(WORK INSTRUCTIONS): Transcribe, without alteration, the line that includes "simp: ext_ar_def length_Suc_conv)" and each line after it until the records end, omitting all that precede it.

(Stored dataset items):
++++

lemma is_hom_quot_alg:
  assumes "is_congruence ar A \<psi>"
  shows "is_hom ar A (quot_alg A \<psi>) (\<lambda>x. \<psi> `` {x})"
  unfolding is_hom_def
proof (intro conjI allI impI ballI)
  have eq: "equiv (carrier A) \<psi>" using assms by (simp add: is_congruence_def)
  show "\<psi> `` {x} \<in> carrier (quot_alg A \<psi>)" if "x \<in> carrier A" for x
    using that by (simp add: quot_alg_def quotientI)
  fix f xs
  assume l: "length xs = ar f \<and> set xs \<subseteq> carrier A"
  let ?ys = "map (\<lambda>x. SOME y. y \<in> \<psi> `` {x}) xs"
  have "list_all2 (\<lambda>x y. (x, y) \<in> \<psi>) xs ?ys"
  proof (rule list_all2_all_nthI)
    fix n assume n: "n < length xs"
    then have "xs ! n \<in> carrier A" using l by auto
    then have "xs ! n \<in> \<psi> `` {xs ! n}" using eq by (auto simp: equiv_def refl_on_def)
    then have "(SOME y. y \<in> \<psi> `` {xs ! n}) \<in> \<psi> `` {xs ! n}" by (rule someI)
    then show "(xs ! n, ?ys ! n) \<in> \<psi>" using n by simp
  qed simp
  then have "(ops A f xs, ops A f ?ys) \<in> \<psi>" using assms l by (simp add: is_congruence_def)
  then have "\<psi> `` {ops A f xs} = \<psi> `` {ops A f ?ys}" by (rule equiv_class_eq[OF eq])
  then show "\<psi> `` {ops A f xs} = ops (quot_alg A \<psi>) f (map (\<lambda>x. \<psi> `` {x}) xs)"
    by (simp add: quot_alg_def o_def)
qed

lemma is_algebra_quot_alg:
  assumes A: "is_algebra ar A" and \<psi>: "is_congruence ar A \<psi>"
  shows "is_algebra ar (quot_alg A \<psi>)"
  unfolding is_algebra_def
proof (intro allI impI)
  have eq: "equiv (carrier A) \<psi>" using \<psi> by (simp add: is_congruence_def)
  fix f Xs
  assume l: "length Xs = ar f \<and> set Xs \<subseteq> carrier (quot_alg A \<psi>)"
  have "(SOME x. x \<in> X) \<in> carrier A" if "X \<in> set Xs" for X
  proof -
    have "X \<in> carrier A // \<psi>" using that l by (auto simp: quot_alg_def)
    then obtain z where "z \<in> carrier A" "X = \<psi> `` {z}" by (rule quotientE)
    moreover from this have "z \<in> X" using eq by (auto simp: equiv_def refl_on_def)
    ultimately show ?thesis using eq by (metis someI in_quotient_imp_subset quotientI subsetD)
  qed
  then have "set (map (\<lambda>X. SOME x. x \<in> X) Xs) \<subseteq> carrier A" by auto
  then have "ops A f (map (\<lambda>X. SOME x. x \<in> X) Xs) \<in> carrier A"
    using A l by (simp add: is_algebra_def)
  then show "ops (quot_alg A \<psi>) f Xs \<in> carrier (quot_alg A \<psi>)"
    by (simp add: quot_alg_def quotientI)
qed

subsection \<open>Subdirect irreducibility\<close>

lemma subdirectly_irreducibleI:
  assumes "is_algebra ar A" "a \<in> carrier A" "b \<in> carrier A" "a \<noteq> b"
    and "\<And>\<theta>. is_congruence ar A \<theta> \<Longrightarrow> \<theta> \<noteq> Id_on (carrier A) \<Longrightarrow> (a, b) \<in> \<theta>"
  shows "subdirectly_irreducible ar A"
proof -
  have "(a, b) \<in> \<Inter>{\<theta>. is_congruence ar A \<theta> \<and> \<theta> \<noteq> Id_on (carrier A)}"
    using assms(5) by blast
  moreover have "(a, b) \<notin> Id_on (carrier A)" using assms(4) by blast
  ultimately show ?thesis using assms(1-4) unfolding subdirectly_irreducible_def by blast
qed

lemma subdirectly_irreducibleE:
  assumes "subdirectly_irreducible ar A"
  obtains a b where "a \<in> carrier A" "b \<in> carrier A" "a \<noteq> b"
    "\<And>\<theta>. is_congruence ar A \<theta> \<Longrightarrow> \<theta> \<noteq> Id_on (carrier A) \<Longrightarrow> (a, b) \<in> \<theta>"
proof -
  let ?\<mu> = "\<Inter>{\<theta>. is_congruence ar A \<theta> \<and> \<theta> \<noteq> Id_on (carrier A)}"
  have alg: "is_algebra ar A" and \<mu>: "?\<mu> \<noteq> Id_on (carrier A)"
    and nontriv: "\<exists>x\<in>carrier A. \<exists>y\<in>carrier A. x \<noteq> y"
    using assms by (auto simp: subdirectly_irreducible_def)
  have "carrier A \<times> carrier A \<noteq> Id_on (carrier A)" using nontriv by blast
  then have "?\<mu> \<subseteq> carrier A \<times> carrier A"
    using is_congruence_full[OF alg] by (intro Inter_lower) simp
  moreover have "Id_on (carrier A) \<subseteq> ?\<mu>"
    by (auto simp: is_congruence_def equiv_def refl_on_def)
  ultimately obtain p where "p \<in> ?\<mu>" "p \<notin> Id_on (carrier A)" "p \<in> carrier A \<times> carrier A"
    using \<mu> by blast
  then obtain a b where "(a, b) \<in> ?\<mu>" "a \<noteq> b" "a \<in> carrier A" "b \<in> carrier A"
    by (cases p) auto
  then show ?thesis using that by blast
qed

lemma subdirectly_irreducible_quot_alg_maximal:
  assumes A: "is_algebra ar A" and \<psi>: "is_congruence ar A \<psi>"
    and ab: "a \<in> carrier A" "b \<in> carrier A" "(a, b) \<notin> \<psi>"
    and max: "\<And>\<theta>. is_congruence ar A \<theta> \<Longrightarrow> (a, b) \<notin> \<theta> \<Longrightarrow> \<psi> \<subseteq> \<theta> \<Longrightarrow> \<theta> = \<psi>"
  shows "subdirectly_irreducible ar (quot_alg A \<psi>)"
proof -
  let ?B = "quot_alg A \<psi>" and ?g = "\<lambda>x. \<psi> `` {x}"
  have eq: "equiv (carrier A) \<psi>" using \<psi> by (simp add: is_congruence_def)
  have class_eq: "\<And>x y. x \<in> carrier A \<Longrightarrow> y \<in> carrier A \<Longrightarrow> ?g x = ?g y \<longleftrightarrow> (x, y) \<in> \<psi>"
    using eq by (simp add: eq_equiv_class_iff)
  have g: "is_hom ar A ?B ?g" by (rule is_hom_quot_alg[OF \<psi>])
  have "(?g a, ?g b) \<in> \<Theta>" if \<Theta>: "is_congruence ar ?B \<Theta>" "\<Theta> \<noteq> Id_on (carrier ?B)" for \<Theta>
  proof -
    let ?\<phi> = "inv_image \<Theta> ?g \<inter> carrier A \<times> carrier A"
    have \<phi>: "is_congruence ar A ?\<phi>" by (rule is_congruence_inv_image[OF A g \<Theta>(1)])
    have eq\<Theta>: "equiv (carrier ?B) \<Theta>" using \<Theta>(1) by (simp add: is_congruence_def)
    have "\<psi> \<subseteq> ?\<phi>"
    proof
      fix p assume "p \<in> \<psi>"
      moreover obtain x y where "p = (x, y)" by (cases p)
      ultimately have "(x, y) \<in> \<psi>" by simp
      then have "x \<in> carrier A" "y \<in> carrier A" "?g x = ?g y"
        using is_congruence_subset[OF \<psi>] equiv_class_eq[OF eq] by auto
      then show "p \<in> ?\<phi>"
        using \<open>p = (x, y)\<close> eq\<Theta> by (auto simp: equiv_def refl_on_def quot_alg_def quotientI)
    qed
    moreover have "?\<phi> \<noteq> \<psi>"
    proof -
      obtain X Y where XY: "(X, Y) \<in> \<Theta>" "X \<noteq> Y"
        using \<Theta>(2) eq\<Theta> by (auto simp: equiv_def refl_on_def)
      then have "X \<in> carrier A // \<psi>" "Y \<in> carrier A // \<psi>"
        using eq\<Theta> by (auto simp: equiv_def refl_on_def quot_alg_def)
      then obtain x y where "x \<in> carrier A" "X = ?g x" "y \<in> carrier A" "Y = ?g y"
        by (auto elim!: quotientE)
      with XY class_eq show ?thesis by auto
    qed
    ultimately have "(a, b) \<in> ?\<phi>" using max[OF \<phi>] by blast
    then show ?thesis by simp
  qed
  moreover have "?g a \<in> carrier ?B" "?g b \<in> carrier ?B" "?g a \<noteq> ?g b"
    using ab class_eq by (auto simp: quot_alg_def quotientI)
  ultimately show ?thesis
    using subdirectly_irreducibleI[OF is_algebra_quot_alg[OF A \<psi>]] by blast
qed

subsection \<open>State-morphism algebras\<close>

lemma is_congruence_ext_alg_iff:
  "is_congruence (ext_ar ar) (ext_alg A \<tau>) \<theta> \<longleftrightarrow>
   is_congruence ar A \<theta> \<and> (\<forall>x y. (x, y) \<in> \<theta> \<longrightarrow> (\<tau> x, \<tau> y) \<in> \<theta>)"
proof
  assume c: "is_congruence (ext_ar ar) (ext_alg A \<tau>) \<theta>"
  then have "equiv (carrier A) \<theta>"
    and compat: "\<And>g xs ys. length xs = ext_ar ar g \<Longrightarrow> length ys = ext_ar ar g \<Longrightarrow>
      list_all2 (\<lambda>x y. (x, y) \<in> \<theta>) xs ys \<Longrightarrow>
      (ops (ext_alg A \<tau>) g xs, ops (ext_alg A \<tau>) g ys) \<in> \<theta>"
    by (simp_all add: is_congruence_def ext_alg_def)
  moreover have "(ops A f xs, ops A f ys) \<in> \<theta>"
    if "length xs = ar f" "length ys = ar f" "list_all2 (\<lambda>x y. (x, y) \<in> \<theta>) xs ys" for f xs ys
    using compat[of xs "Some f" ys] that by (simp add: ext_ar_def ext_alg_def)
  moreover have "(\<tau> x, \<tau> y) \<in> \<theta>" if "(x, y) \<in> \<theta>" for x y
    using compat[of "[x]" None "[y]"] that by (simp add: ext_ar_def ext_alg_def)
  ultimately show "is_congruence ar A \<theta> \<and> (\<forall>x y. (x, y) \<in> \<theta> \<longrightarrow> (\<tau> x, \<tau> y) \<in> \<theta>)"
    by (simp add: is_congruence_def)
next
  assume c: "is_congruence ar A \<theta> \<and> (\<forall>x y. (x, y) \<in> \<theta> \<longrightarrow> (\<tau> x, \<tau> y) \<in> \<theta>)"
  have "(ops (ext_alg A \<tau>) g xs, ops (ext_alg A \<tau>) g ys) \<in> \<theta>"
    if l: "length xs = ext_ar ar g" "length ys = ext_ar ar g" "list_all2 (\<lambda>x y. (x, y) \<in> \<theta>) xs ys"
    for g xs ys
  proof (cases g)
    case None
    then obtain x y where "xs = [x]" "ys = [y]" using l by (auto simp: ext_ar_def length_Suc_conv)
    then show ?thesis using None l c by (simp add: ext_alg_def)
  next
    case (Some f)
    then show ?thesis using l c by (simp add: ext_alg_def ext_ar_def is_congruence_def)
  qed
  then show "is_congruence (ext_ar ar) (ext_alg A \<tau>) \<theta>"
    using c by (simp add: is_congruence_def ext_alg_def)
qed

++++

(TASK RESPONSE):
    then obtain x y where "xs = [x]" "ys = [y]" using l by (auto simp: ext_ar_def length_Suc_conv)
    then show ?thesis using None l c by (simp add: ext_alg_def)
  next
    case (Some f)
    then show ?thesis using l c by (simp add: ext_alg_def ext_ar_def is_congruence_def)
  qed
  then show "is_congruence (ext_ar ar) (ext_alg A \<tau>) \<theta>"
    using c by (simp add: is_congruence_def ext_alg_def)
qed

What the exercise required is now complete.